• Natural Gas News

    Baltic Pipe Secures First Permit

Summary

The Polish-led project hopes to start construction next year.

by: Tim Gosling

Posted in:

Natural Gas & LNG News, Europe, Liquefied Natural Gas (LNG), Political, Intergovernmental agreements, Supply/Demand, Baltic Focus, TSO, Infrastructure, Pipelines, News By Country, EU, Denmark, Poland

Baltic Pipe Secures First Permit

Baltic Pipe has secured its first permit, Polish TSO Gaz-System announced May 16.

The Polish onshore section of the route, which will ship gas to the central European country from the Norwegian shelf via Denmark, was granted “a location decision” by the region of Wielkopolska in north-west Poland May 15, the company said. Polish officials have said they hope to launch construction in mid-2020.

“This is the first location decision for the project under the Baltic Pipe program,” Gaz-System noted.

The 10bn m³/yr line, which will complement the Swinoujscie LNG terminal in the same corner of the country, is planned to allow Poland to reduce its reliance on Russian imports, or even drop them altogether when the pair's long-term contract expires in 2022, although that appears ambitious.

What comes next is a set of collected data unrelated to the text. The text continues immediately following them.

lemma delta_conv_unique:
  fixes a :: "nat \<Rightarrow> 'a::real_normed_vector"
  assumes uc: "uniformly_convex TYPE('a)" and "bounded (range a)"
    and "delta_conv a x" "delta_conv a y"
  shows "x = y"
proof (rule ccontr)
  assume "x \<noteq> y"
  define e where "e = norm (x - y)"
  have "e > 0" using \<open>x \<noteq> y\<close> unfolding e_def by simp
  from \<open>bounded (range a)\<close> obtain B where B: "\<And>k. norm (a k) \<le> B" unfolding bounded_iff by blast
  define R where "R = B + norm x + norm y + 1"
  have "R > 0" using B[of 0] norm_ge_zero[of "a 0"] norm_ge_zero[of x] norm_ge_zero[of y]
    unfolding R_def by linarith
  obtain d where "d > 0" and mid: "\<And>p q::'a. norm (p - q) \<ge> e \<Longrightarrow> norm p \<le> R \<Longrightarrow> norm q \<le> R \<Longrightarrow>
       norm ((1/2) *\<^sub>R (p + q)) \<le> (1 - d) * max (norm p) (norm q)"
    using uniformly_convex_midpoint_bound[OF uc \<open>e > 0\<close> \<open>R > 0\<close>] by blast
  define z where "z = (1/2) *\<^sub>R (x + y)"
  have "d * e / 4 > 0" using \<open>d > 0\<close> \<open>e > 0\<close> by simp
  then have "eventually (\<lambda>k. norm (a k - x) - norm (a k - z) < d * e / 4) sequentially"
    "eventually (\<lambda>k. norm (a k - y) - norm (a k - z) < d * e / 4) sequentially"
    using assms(3,4) unfolding delta_conv_iff_eventually by blast+
  from eventually_conj[OF this] obtain k where
    kx: "norm (a k - x) - norm (a k - z) < d * e / 4" and
    ky: "norm (a k - y) - norm (a k - z) < d * e / 4"
    unfolding eventually_sequentially by auto
  define p where "p = a k - x"
  define q where "q = a k - y"
  define m where "m = max (norm p) (norm q)"
  have "norm (p - q) = e" unfolding p_def q_def e_def by (simp add: norm_minus_commute)
  have "norm p \<le> R" "norm q \<le> R"
    unfolding p_def q_def R_def using B[of k] norm_triangle_ineq4[of "a k" x]
      norm_triangle_ineq4[of "a k" y] norm_ge_zero[of x] norm_ge_zero[of y] by linarith+
  then have "norm ((1/2) *\<^sub>R (p + q)) \<le> (1 - d) * m"
    unfolding m_def using mid \<open>norm (p - q) = e\<close> by simp
  moreover have "(1/2) *\<^sub>R (p + q) = a k - z"
    unfolding z_def p_def q_def by (simp add: algebra_simps flip: scaleR_2)
  ultimately have "norm (a k - z) \<le> (1 - d) * m" by simp
  moreover have "m - norm (a k - z) < d * e / 4"
    using kx ky unfolding m_def p_def q_def by (cases "norm (a k - x) \<le> norm (a k - y)") auto
  ultimately have "d * m < d * (e / 4)" by (simp add: algebra_simps)
  then have "m < e / 4" using \<open>d > 0\<close> by simp
  moreover have "e \<le> norm p + norm q" using \<open>norm (p - q) = e\<close> norm_triangle_ineq4[of p q] by simp
  moreover have "norm p \<le> m" "norm q \<le> m" unfolding m_def by simp_all
  ultimately show False using \<open>e > 0\<close> by linarith
qed

lemma dislocation_group_memD:
  assumes "dislocation_group D0" "g \<in> D0"
  shows "linear g" "bij g" "norm (g x) = norm x" "inv g \<in> D0" "h \<in> D0 \<Longrightarrow> g \<circ> h \<in> D0"
  using assms unfolding dislocation_group_def isometry_group_def lin_isometry_def by auto

lemma dislocation_group_strong_subseq:
  assumes "dislocation_group D0" "\<And>k. gs k \<in> D0" "\<not> op_weak_conv gs (\<lambda>_. 0)"
  obtains s h h' where "strict_mono s" "op_strong_conv (\<lambda>j. gs (s j)) h"
    "op_strong_conv (\<lambda>j. inv (gs (s j))) h'"
  using assms unfolding dislocation_group_def by blast

lemma dislocation_group_delta_conv_add:
  assumes "dislocation_group D0" "delta_conv us 0" "\<And>k. gs k \<in> D0" "op_weak_conv gs (\<lambda>_. 0)"
  shows "delta_conv (\<lambda>k. us k + gs k w) 0"
  using assms unfolding dislocation_group_def by blast

lemma op_weak_conv_subseq:
  "op_weak_conv gs g \<Longrightarrow> strict_mono s \<Longrightarrow> op_weak_conv (\<lambda>j. gs (s j)) g"
  unfolding op_weak_conv_def weak_conv_def
  using LIMSEQ_subseq_LIMSEQ[of _ _ s] by (simp add: comp_def) blast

Gaz-System and Danish partner Energinet signed off on €215mn in EU funding for Baltic Pipe in April.

The permit is one of three needed for the construction of the 191-km Goleniow-Lwowek gas pipeline, that will expand the capacity of the network connections to Baltic Pipe and Swinoujscie. Licences are yet to be issued by the Zachodniopomorskie and Lubuskie regions.

Baltic Pipe consists of a further four sections that will feature new and existing pipelines across Denmark and new links beneath the Baltic and North Seas.